===== Extracted records =====

(* Let $\mathscr{H}$ be a complex Hilbert space, $N(\cdot)$ a norm on $\mathbb{B}(\mathscr{H})$, and $B,C\in\mathbb{B}(\mathscr{H})$. Then $$\frac{1}{\sqrt2}\max\{w_N(B+C),w_N(B-C)\}\leq w_{(N,e)}(B,C)\leq\frac{1}{\sqrt2}\sqrt{w_N^2(B+C)+w_N^2(B-C)}.$$
   Context: For $T\in\mathbb{B}(\mathscr{H})$: $\Re(T)=\frac12(T+T^* )$ and $w_N(T)=\sup_{\theta\in\mathbb{R}}N(\Re(e^{i\theta}T))$. For $B,C\in\mathbb{B}(\mathscr{H})$, $w_{(N,e)}(B,C)=\sup_{\lambda_1,\lambda_2\in\mathbb{C},\ |\lambda_1|^2+|\lambda_2|^2\leq 1}\sup_{\theta\in\mathbb{R}} N(\Re(e^{i\theta}(\lambda_1B+\lambda_2C)))$. *)

theory Defs
  imports Complex_Main
begin

class complex_vector = real_vector +
  fixes scaleC :: "complex \<Rightarrow> 'a \<Rightarrow> 'a"
  assumes scaleC_add_right: "scaleC a (x + y) = scaleC a x + scaleC a y"
    and scaleC_add_left: "scaleC (a + b) x = scaleC a x + scaleC b x"
    and scaleC_scaleC: "scaleC a (scaleC b x) = scaleC (a * b) x"
    and scaleC_one: "scaleC 1 x = x"
    and scaleR_scaleC: "scaleR r x = scaleC (complex_of_real r) x"

class complex_inner = complex_vector + real_normed_vector +
  fixes cinner :: "'a \<Rightarrow> 'a \<Rightarrow> complex"
  assumes cinner_commute: "cinner x y = cnj (cinner y x)"
    and cinner_add_left: "cinner (x + y) z = cinner x z + cinner y z"
    and cinner_scaleC_left: "cinner (scaleC r x) y = r * cinner x y"
    and cinner_ge_zero: "0 \<le> Re (cinner x x)"
    and cinner_eq_zero_iff: "cinner x x = 0 \<longleftrightarrow> x = 0"
    and norm_eq_sqrt_cinner: "norm x = sqrt (Re (cinner x x))"

text \<open>A complex Hilbert space is a type of class
  \<open>{complex_inner, complete_space}\<close>.\<close>

definition bounded_clinear_op :: "('a::complex_inner \<Rightarrow> 'a) \<Rightarrow> bool" where
  "bounded_clinear_op T \<longleftrightarrow>
     (\<forall>x y. T (x + y) = T x + T y) \<and>
     (\<forall>c x. T (scaleC c x) = scaleC c (T x)) \<and>
     (\<exists>K. \<forall>x. norm (T x) \<le> norm x * K)"

definition BH :: "('a::complex_inner \<Rightarrow> 'a) set" where
  "BH = {T. bounded_clinear_op T}"

definition adj :: "('a::complex_inner \<Rightarrow> 'a) \<Rightarrow> ('a \<Rightarrow> 'a)" where
  "adj T = (THE S. \<forall>x y. cinner (T x) y = cinner x (S y))"

definition opRe :: "('a::complex_inner \<Rightarrow> 'a) \<Rightarrow> ('a \<Rightarrow> 'a)" where
  "opRe T = (\<lambda>x. scaleC (1/2) (T x + adj T x))"

definition op_norm_on :: "(('a::complex_inner \<Rightarrow> 'a) \<Rightarrow> real) \<Rightarrow> bool" where
  "op_norm_on N \<longleftrightarrow>
     (\<forall>T\<in>BH. N T = 0 \<longleftrightarrow> T = (\<lambda>x. 0)) \<and>
     (\<forall>c. \<forall>T\<in>BH. N (\<lambda>x. scaleC c (T x)) = cmod c * N T) \<and>
     (\<forall>S\<in>BH. \<forall>T\<in>BH. N (\<lambda>x. S x + T x) \<le> N S + N T)"

definition wN :: "(('a::complex_inner \<Rightarrow> 'a) \<Rightarrow> real) \<Rightarrow> ('a \<Rightarrow> 'a) \<Rightarrow> real" where
  "wN N T = (SUP \<theta>::real. N (opRe (\<lambda>x. scaleC (exp (\<i> * complex_of_real \<theta>)) (T x))))"

definition wNe :: "(('a::complex_inner \<Rightarrow> 'a) \<Rightarrow> real) \<Rightarrow> ('a \<Rightarrow> 'a) \<Rightarrow> ('a \<Rightarrow> 'a) \<Rightarrow> real" where
  "wNe N B C = (SUP l \<in> {(l1, l2). (cmod l1)\<^sup>2 + (cmod l2)\<^sup>2 \<le> 1}.
     (SUP \<theta>::real. N (opRe (\<lambda>x. scaleC (exp (\<i> * complex_of_real \<theta>))
        (scaleC (fst l) (B x) + scaleC (snd l) (C x))))))"

end

theory Submission
  imports Defs
begin

text \<open>For the lower bound take \<open>(\<lambda>\<^sub>1, \<lambda>\<^sub>2) = (1, \<plusminus>1) / sqrt 2\<close> and use
  that \<open>w\<^sub>N\<close> is absolutely homogeneous. For the upper bound write
  \<open>\<lambda>\<^sub>1 B + \<lambda>\<^sub>2 C = \<mu>\<^sub>1 (B + C) + \<mu>\<^sub>2 (B - C)\<close>; then \<open>|\<mu>\<^sub>1|\<^sup>2 + |\<mu>\<^sub>2|\<^sup>2 \<le> 1/2\<close>,
  and subadditivity and homogeneity of \<open>w\<^sub>N\<close> followed by the Cauchy-Schwarz inequality
  in \<open>\<real>\<^sup>2\<close> conclude.
  These properties of \<open>w\<^sub>N\<close> need \<open>Re\<close> to be real-linear on bounded operators, i.e.
  adjoints must exist; they are obtained from the Riesz representation theorem, proved by
  the minimum-norm argument on the closed hyperplane \<open>f = 1\<close>.\<close>

interpretation scaleC: vector_space "scaleC :: complex \<Rightarrow> 'a \<Rightarrow> 'a::complex_vector"
  by unfold_locales (auto simp: scaleC_add_right scaleC_add_left scaleC_scaleC scaleC_one)

lemma additive_cinner_left: "additive (\<lambda>x. cinner x y)"
  by unfold_locales (rule cinner_add_left)

lemma cinner_add_right: "cinner x (y + z) = cinner x y + cinner x z"
  by (metis cinner_add_left cinner_commute complex_cnj_add)

lemma cinner_scaleC_right: "cinner x (scaleC r y) = cnj r * cinner x y"
  by (metis cinner_commute cinner_scaleC_left complex_cnj_mult)

lemma cinner_zero_left [simp]: "cinner 0 y = 0"
  by (rule additive.zero[OF additive_cinner_left])

lemma cinner_zero_right [simp]: "cinner x 0 = 0"
  by (metis cinner_commute cinner_zero_left complex_cnj_zero)

lemma cinner_diff_right: "cinner x (y - z) = cinner x y - cinner x z"
  by (metis additive.diff[OF additive_cinner_left] cinner_commute complex_cnj_diff)

lemma cinner_self: "cinner x x = complex_of_real ((norm x)\<^sup>2)"
proof -
  have "Im (cinner x x) = 0"
    using arg_cong[OF cinner_commute[of x x], of Im] by simp
  moreover have "Re (cinner x x) = (norm x)\<^sup>2"
    by (simp add: norm_eq_sqrt_cinner cinner_ge_zero)
  ultimately show ?thesis
    by (simp add: complex_eq_iff)
qed

lemma cinner_ext:
  assumes "\<And>x. cinner x y = cinner x z"
  shows "y = z"
proof -
  have "cinner (y - z) (y - z) = 0"
    by (simp only: cinner_diff_right assms diff_self)
  then show ?thesis
    by (simp add: cinner_eq_zero_iff)
qed

lemma norm_scaleC: "norm (scaleC c x) = cmod c * norm (x::'a::complex_inner)"
proof -
  have "complex_of_real ((norm (scaleC c x))\<^sup>2) = (c * cnj c) * cinner x x"
    unfolding cinner_self[symmetric] by (simp add: cinner_scaleC_left cinner_scaleC_right mult.left_commute)
  also have "\<dots> = complex_of_real ((cmod c * norm x)\<^sup>2)"
    by (simp only: complex_norm_square cinner_self of_real_mult power_mult_distrib)
  finally show ?thesis
    by (simp only: of_real_eq_iff power2_eq_iff_nonneg norm_ge_zero zero_le_mult_iff) simp
qed

lemma norm_add_scaleC_power2:
  fixes x y :: "'a::complex_inner"
  shows "(norm (x + scaleC t y))\<^sup>2 = (norm x)\<^sup>2 + 2 * Re (cnj t * cinner x y) + (cmod t * norm y)\<^sup>2"
proof -
  have "complex_of_real ((norm (x + scaleC t y))\<^sup>2)
      = cinner x x + cnj t * cinner x y + t * cinner y x + t * (cnj t * cinner y y)"
    unfolding cinner_self[symmetric]
    by (simp only: cinner_add_left cinner_add_right cinner_scaleC_left cinner_scaleC_right
        distrib_left add.assoc add.left_commute mult.left_commute)
  then have "(norm (x + scaleC t y))\<^sup>2
      = Re (cinner x x) + Re (cnj t * cinner x y) + Re (t * cinner y x) + Re (t * (cnj t * cinner y y))"
    by (metis Re_complex_of_real plus_complex.sel(1))
  moreover have "Re (t * cinner y x) = Re (cnj t * cinner x y)"
    by (metis cinner_commute cnj.sel(1) complex_cnj_cnj complex_cnj_mult)
  moreover have "t * (cnj t * cinner y y) = complex_of_real ((cmod t * norm y)\<^sup>2)"
    by (simp only: mult.assoc[symmetric] complex_norm_square cinner_self of_real_mult power_mult_distrib)
  ultimately show ?thesis
    by (simp only: cinner_self[of x] Re_complex_of_real)
qed

lemma parallelogram_law:
  "(norm (x + y))\<^sup>2 + (norm (x - y))\<^sup>2 = 2 * (norm x)\<^sup>2 + 2 * (norm (y::'a::complex_inner))\<^sup>2"
proof -
  have "x + y = x + scaleC 1 y" and "x - y = x + scaleC (-1) y"
    by simp_all
  then show ?thesis
    by (simp only: norm_add_scaleC_power2) simp
qed

lemma norm_diff_scaleC_cinner_power2:
  fixes x y :: "'a::complex_inner"
  shows "(norm (x - scaleC (complex_of_real s * cinner x y) y))\<^sup>2
    = (norm x)\<^sup>2 - 2 * s * (cmod (cinner x y))\<^sup>2 + s\<^sup>2 * (cmod (cinner x y))\<^sup>2 * (norm y)\<^sup>2"
proof -
  define t where "t = complex_of_real s * cinner x y"
  have "cnj t * cinner x y = complex_of_real (s * (cmod (cinner x y))\<^sup>2)"
    by (simp only: t_def complex_cnj_mult complex_cnj_complex_of_real complex_norm_square
        of_real_mult mult.assoc mult.commute[of "cnj _"])
  then have "Re (cnj (- t) * cinner x y) = - (s * (cmod (cinner x y))\<^sup>2)"
    by simp
  moreover have "cmod (- t) = \<bar>s\<bar> * cmod (cinner x y)"
    by (simp add: t_def norm_mult)
  ultimately show ?thesis
    using norm_add_scaleC_power2[of x "- t" y] by (simp add: t_def power_mult_distrib)
qed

=====

▶ _Problem description_
From the data above, output exactly the lines between the one containing "by (simp only: of_real_eq_iff" and the one containing "x y) y))\<^sup>2", counting both of them.

▶ _Exercise result_
    by (simp only: of_real_eq_iff power2_eq_iff_nonneg norm_ge_zero zero_le_mult_iff) simp
qed

lemma norm_add_scaleC_power2:
  fixes x y :: "'a::complex_inner"
  shows "(norm (x + scaleC t y))\<^sup>2 = (norm x)\<^sup>2 + 2 * Re (cnj t * cinner x y) + (cmod t * norm y)\<^sup>2"
proof -
  have "complex_of_real ((norm (x + scaleC t y))\<^sup>2)
      = cinner x x + cnj t * cinner x y + t * cinner y x + t * (cnj t * cinner y y)"
    unfolding cinner_self[symmetric]
    by (simp only: cinner_add_left cinner_add_right cinner_scaleC_left cinner_scaleC_right
        distrib_left add.assoc add.left_commute mult.left_commute)
  then have "(norm (x + scaleC t y))\<^sup>2
      = Re (cinner x x) + Re (cnj t * cinner x y) + Re (t * cinner y x) + Re (t * (cnj t * cinner y y))"
    by (metis Re_complex_of_real plus_complex.sel(1))
  moreover have "Re (t * cinner y x) = Re (cnj t * cinner x y)"
    by (metis cinner_commute cnj.sel(1) complex_cnj_cnj complex_cnj_mult)
  moreover have "t * (cnj t * cinner y y) = complex_of_real ((cmod t * norm y)\<^sup>2)"
    by (simp only: mult.assoc[symmetric] complex_norm_square cinner_self of_real_mult power_mult_distrib)
  ultimately show ?thesis
    by (simp only: cinner_self[of x] Re_complex_of_real)
qed

lemma parallelogram_law:
  "(norm (x + y))\<^sup>2 + (norm (x - y))\<^sup>2 = 2 * (norm x)\<^sup>2 + 2 * (norm (y::'a::complex_inner))\<^sup>2"
proof -
  have "x + y = x + scaleC 1 y" and "x - y = x + scaleC (-1) y"
    by simp_all
  then show ?thesis
    by (simp only: norm_add_scaleC_power2) simp
qed

lemma norm_diff_scaleC_cinner_power2:
  fixes x y :: "'a::complex_inner"
  shows "(norm (x - scaleC (complex_of_real s * cinner x y) y))\<^sup>2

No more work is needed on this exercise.